═════ STUDY MATERIAL ═════

lemma relator_lattice_shift:
  assumes "(0, 0, c, d, e) \<in> relator_lattice m"
  shows "(0, 0, c, d + k * c, e + l * c) \<in> relator_lattice m"
proof -
  from assms obtain \<alpha> \<beta> \<gamma> \<delta> where c: "c = (\<alpha> + \<beta>) * int m"
    and d: "d = \<alpha> * binom2 (int m) + \<gamma> * int m" and e: "e = \<beta> * binom2 (int m) + \<delta> * int m"
    by (elim relator_lattice_memE) (unfold prod.inject, blast)
  show ?thesis
  proof (rule relator_lattice_memI[of _ \<alpha> \<beta> _ _ "\<gamma> + k * (\<alpha> + \<beta>)" _ "\<delta> + l * (\<alpha> + \<beta>)"])
    show "c = (\<alpha> + \<beta>) * int m"
      by (fact c)
    show "d + k * c = \<alpha> * binom2 (int m) + (\<gamma> + k * (\<alpha> + \<beta>)) * int m"
      unfolding c d by (simp add: algebra_simps)
    show "e + l * c = \<beta> * binom2 (int m) + (\<delta> + l * (\<alpha> + \<beta>)) * int m"
      unfolding c e by (simp add: algebra_simps)
  qed
qed

lemma normalized_relator_lattice:
  "normalized_word_evaluation FN3 (xy_images i j) (relator_lattice m)"
proof (intro normalized_word_evaluation.intro normalized_word_evaluation_axioms.intro
    word_evaluation_FN3 subgroup_relator_lattice)
  fix g k assume g: "g \<in> relator_lattice m"
  then obtain c d e where g_eq: "g = (0, 0, c, d, e)"
    by (elim relator_lattice_memE) blast
  have "(0, 0, c, d + k * c, e + l * c) \<in> relator_lattice m" for k l
    using g by (simp add: g_eq relator_lattice_shift)
  from this[of "-1" 0] this[of 1 0] this[of 0 "-1"] this[of 0 1] g
  show "xy_images i j k \<otimes>\<^bsub>FN3\<^esub> g \<otimes>\<^bsub>FN3\<^esub> inv\<^bsub>FN3\<^esub> xy_images i j k \<in> relator_lattice m"
    and "inv\<^bsub>FN3\<^esub> xy_images i j k \<otimes>\<^bsub>FN3\<^esub> g \<otimes>\<^bsub>FN3\<^esub> xy_images i j k \<in> relator_lattice m"
    by (simp_all add: g_eq xy_images_def)
qed

lemma relator_lattice_dvd:
  assumes "(0, 0, 0, u + v, - v) \<in> relator_lattice m" and "m \<noteq> 0"
  shows "int m dvd u \<and> int (gcd m (m choose 2)) dvd v"
proof -
  from assms(1) obtain \<alpha> \<beta> \<gamma> \<delta> where c: "0 = (\<alpha> + \<beta>) * int m"
    and d: "u + v = \<alpha> * binom2 (int m) + \<gamma> * int m" and e: "- v = \<beta> * binom2 (int m) + \<delta> * int m"
    by (elim relator_lattice_memE) (unfold prod.inject, blast)
  from c assms(2) have \<beta>: "\<beta> = - \<alpha>"
    by simp
  have v: "v = \<alpha> * int (m choose 2) - \<delta> * int m"
    using e unfolding \<beta> binom2_of_nat by (simp add: algebra_simps)
  have "u = (\<gamma> + \<delta>) * int m"
    using d unfolding v binom2_of_nat by (simp add: algebra_simps)
  moreover have "int (gcd m (m choose 2)) dvd v"
    unfolding v gcd_int_int_eq[symmetric] by simp
  ultimately show ?thesis
    by simp
qed

lemma eval_w_elem_xy_images_adjacent:
  assumes "1 \<le> i" "i < n - 1"
  shows "eval_word FN3 (xy_images i (Suc i)) (w_elem n a b c d) = (0, 0, 0, b i + c i, - c i)"
proof -
  interpret word_evaluation FN3 "xy_images i (Suc i)"
    by (rule word_evaluation_FN3)
  let ?\<iota> = "\<lambda>p :: int \<times> int. (0, 0, 0, fst p, snd p) :: fn3"
  have "eval_word FN3 (xy_images i (Suc i)) (w_elem n a b c d) =
    ?\<iota> (sum_list [0. k \<leftarrow> [1..<n], l \<leftarrow> [k+2..<n]]
       + sum_list (map (\<lambda>k. if k = i then (b k, 0) else 0) [1..<n-1])
       + sum_list (map (\<lambda>k. if k = i then (c k, - c k) else 0) [1..<n-1])
       + sum_list (map (\<lambda>_. 0) [1..<n-2]))"
    by (intro eval_w_elem_additive) (auto simp: comm_xy_images int_pow_FN3_derived zero_prod_def)
  then show ?thesis
    using assms by (simp add: sum_list_upt_delta sum_list_concat comp_def del: upt_Suc)
qed

lemma w_elem_comm_subgroup_dvd_b_c:
  assumes "1 \<le> i" "i < n - 1" and "m \<noteq> 0"
    and w: "w_elem n a b c d \<in> comm_subgroup (free_group n) (UT_R n m) (carrier (free_group n))"
  shows "int m dvd b i \<and> int (gcd m (m choose 2)) dvd c i"
proof -
  interpret normalized_word_evaluation FN3 "xy_images i (Suc i)" "relator_lattice m"
    by (rule normalized_relator_lattice)
  have "(0, 0, int m, binom2 (int m), 0) \<in> relator_lattice m"
    by (rule relator_lattice_memI[of _ 1 0 _ _ 0 _ 0]) simp_all
  moreover have "(0, 0, - int m, 0, - binom2 (int m)) \<in> relator_lattice m"
    by (rule relator_lattice_memI[of _ 0 "-1" _ _ 0 _ 0]) simp_all
  moreover have "(0, 0, 0, 0, 0) \<in> relator_lattice m"
    by (rule relator_lattice_memI[of _ 0 0 _ _ 0 _ 0]) simp_all
  ultimately have "eval_word FN3 (xy_images i (Suc i)) (w_elem n a b c d) \<in> relator_lattice m"
    by (intro eval_UT_comm_subgroup_mem[OF _ _ _ _ _ w])
      (auto simp: comm_xy_images comm_xy_images_pow)
  then have "(0, 0, 0, b i + c i, - c i) \<in> relator_lattice m"
    by (simp only: eval_w_elem_xy_images_adjacent[OF assms(1,2)])
  then show ?thesis
    using assms(3) by (rule relator_lattice_dvd)
qed

section \<open>Detecting the coefficients \<open>d\<^sub>i\<close>\<close>

type_synonym ut4 = "int \<times> int \<times> int \<times> int \<times> int \<times> int"

text \<open>Unitriangular \<open>4 \<times> 4\<close> integer matrices, in the coordinates
  \<open>(a\<^sub>1\<^sub>2, a\<^sub>2\<^sub>3, a\<^sub>3\<^sub>4, a\<^sub>1\<^sub>3, a\<^sub>2\<^sub>4, a\<^sub>1\<^sub>4)\<close>.\<close>

fun ut4_mult :: "ut4 \<Rightarrow> ut4 \<Rightarrow> ut4" where
  "ut4_mult (p1, p2, p3, q1, q2, r) (p1', p2', p3', q1', q2', r') =
     (p1 + p1', p2 + p2', p3 + p3', q1 + q1' + p1 * p2', q2 + q2' + p2 * p3',
      r + r' + p1 * q2' + q1 * p3')"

═════

## [TASK BRIEF]
Only the lines above starting at the line that holds "unfolding c d" and ending at the line that holds "word_evaluation_FN3 subgroup_relator_lattice)" are to be repeated, exactly and in full.

## [PROBLEM SOLUTION]
      unfolding c d by (simp add: algebra_simps)
    show "e + l * c = \<beta> * binom2 (int m) + (\<delta> + l * (\<alpha> + \<beta>)) * int m"
      unfolding c e by (simp add: algebra_simps)
  qed
qed

lemma normalized_relator_lattice:
  "normalized_word_evaluation FN3 (xy_images i j) (relator_lattice m)"
proof (intro normalized_word_evaluation.intro normalized_word_evaluation_axioms.intro
    word_evaluation_FN3 subgroup_relator_lattice)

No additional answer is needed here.